When the dam failed the waters rushed down the Roaring River valley, which falls 2500 ft in 6 mi, at a peak rate of 18,000 ft3/s, scouring a large gully out of the mountain stream and killing one person camping alongside it. At this rate, the lake emptied in about half an hour. When the waters reached the broader valley of Fall River at Horseshoe Park they spread out and slowed, leaving behind a large alluvial fan of debris. The flood continued down Fall River and hit the Cascade Dam which stored water to run a hydroelectric plant about a mile (2 km) downstream. Cascade Dam failed from the onslaught and added its waters to the flood. The Aspenglen campground was destroyed and two campers who returned to recover camping gear lost their lives, due to insufficient warning from park rangers.

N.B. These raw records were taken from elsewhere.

lemma nn_integral_even:
  fixes h :: "real \<Rightarrow> ennreal"
  assumes [measurable]: "h \<in> borel_measurable borel" and even: "\<And>t. h (-t) = h t"
  shows "(\<integral>\<^sup>+t. h t \<partial>lborel) = 2 * (\<integral>\<^sup>+t. h t * indicator {0..} t \<partial>lborel)"
proof -
  have "(\<integral>\<^sup>+t. h t \<partial>lborel)
      = (\<integral>\<^sup>+t. h t * indicator {0..} t + h (-t) * indicator {0..} (-t) \<partial>lborel)"
    using AE_lborel_singleton[of 0]
    by (intro nn_integral_cong_AE) (auto simp: even split: split_indicator)
  also have "\<dots> = (\<integral>\<^sup>+t. h t * indicator {0..} t \<partial>lborel) + (\<integral>\<^sup>+t. h (-t) * indicator {0..} (-t) \<partial>lborel)"
    by (rule nn_integral_add) auto
  also have "(\<integral>\<^sup>+t. h (-t) * indicator {0..} (-t) \<partial>lborel)
      = (\<integral>\<^sup>+t. h t * indicator {0..} t \<partial>distr lborel borel uminus)"
    by (subst nn_integral_distr) auto
  also have "\<dots> = (\<integral>\<^sup>+t. h t * indicator {0..} t \<partial>lborel)"
    by (simp add: lborel_distr_uminus)
  finally show ?thesis by (simp add: mult_2)
qed

lemma nn_integral_exponential_moment:
  assumes "eps > 0"
  shows "(\<integral>\<^sup>+t. ennreal (eps * exp (- eps * t) * t ^ k) * indicator {0..} t \<partial>lborel) = fact k / eps ^ k"
proof -
  have "(\<integral>\<^sup>+t. ennreal (eps * exp (- eps * t) * t ^ k) * indicator {0..} t \<partial>lborel)
      = (\<integral>\<^sup>+t. ennreal (erlang_density 0 eps t * t ^ k) \<partial>lborel)"
    by (intro nn_integral_cong) (auto simp: erlang_density_def split: split_indicator)
  then show ?thesis
    using nn_integral_erlang_ith_moment[OF assms, of 0 k] by simp
qed

lemma nn_integral_laplace_moment:
  assumes "eps > 0" and "even k"
  shows "(\<integral>\<^sup>+t. ennreal (eps / 2 * exp (- eps * \<bar>t\<bar>) * t ^ k) \<partial>lborel) = fact k / eps ^ k"
proof -
  have "(\<integral>\<^sup>+t. ennreal (eps / 2 * exp (- eps * \<bar>t\<bar>) * t ^ k) \<partial>lborel)
      = 2 * (\<integral>\<^sup>+t. ennreal (eps / 2 * exp (- eps * \<bar>t\<bar>) * t ^ k) * indicator {0..} t \<partial>lborel)"
    by (rule nn_integral_even) (auto simp: \<open>even k\<close>)
  also have "\<dots> = (\<integral>\<^sup>+t. 2 * (ennreal (eps / 2 * exp (- eps * \<bar>t\<bar>) * t ^ k) * indicator {0..} t) \<partial>lborel)"
    by (rule nn_integral_cmult[symmetric]) auto
  also have "\<dots> = (\<integral>\<^sup>+t. ennreal (eps * exp (- eps * t) * t ^ k) * indicator {0..} t \<partial>lborel)"
  proof (intro nn_integral_cong)
    have twice_half: "2 * ennreal (a / 2) = ennreal a" if "0 \<le> a" for a :: real
      using that ennreal_mult[of 2 "a / 2"] by simp
    fix t :: real
    show "2 * (ennreal (eps / 2 * exp (- eps * \<bar>t\<bar>) * t ^ k) * indicator {0..} t)
        = ennreal (eps * exp (- eps * t) * t ^ k) * indicator {0..} t"
      using twice_half[of "eps * exp (- eps * t) * t ^ k"] \<open>eps > 0\<close>
      by (auto simp: mult.assoc split: split_indicator)
  qed
  also have "\<dots> = fact k / eps ^ k"
    by (rule nn_integral_exponential_moment[OF \<open>eps > 0\<close>])
  finally show ?thesis .
qed

lemma laplace_density_nonneg: "eps > 0 \<Longrightarrow> 0 \<le> laplace_density eps v"
  unfolding laplace_density_def by simp

lemma laplace_density_prod:
  "laplace_density eps (v :: real ^ 'n) = (\<Prod>j\<in>UNIV. eps / 2 * exp (- eps * \<bar>v $ j\<bar>))"
proof -
  have "(\<Prod>j\<in>UNIV. eps / 2 * exp (- eps * \<bar>v $ j\<bar>)) = (eps / 2) ^ CARD('n) * exp (\<Sum>j\<in>UNIV. - eps * \<bar>v $ j\<bar>)"
    by (simp only: prod.distrib prod_constant exp_sum[OF finite_class.finite_UNIV])
  then show ?thesis
    by (simp add: laplace_density_def l1_norm_def sum_distrib_left sum_negf)
qed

The flood entered the town of Estes Park and caused severe damage to 177 downtown businesses (75 percent of Estes Park's commercial activity). In Estes Park the flood joined the Big Thompson River and flowed into Lake Estes on the eastern edge of the city. Olympus Dam, part of the Colorado-Big Thompson Project, there withstood the deluge and the flood was halted.

==Aftermath==
As a consequence of the dam failure, aging dams at Pear Reservoir, Bluebird Lake and Sandbeach Lake in the park were demolished and removed.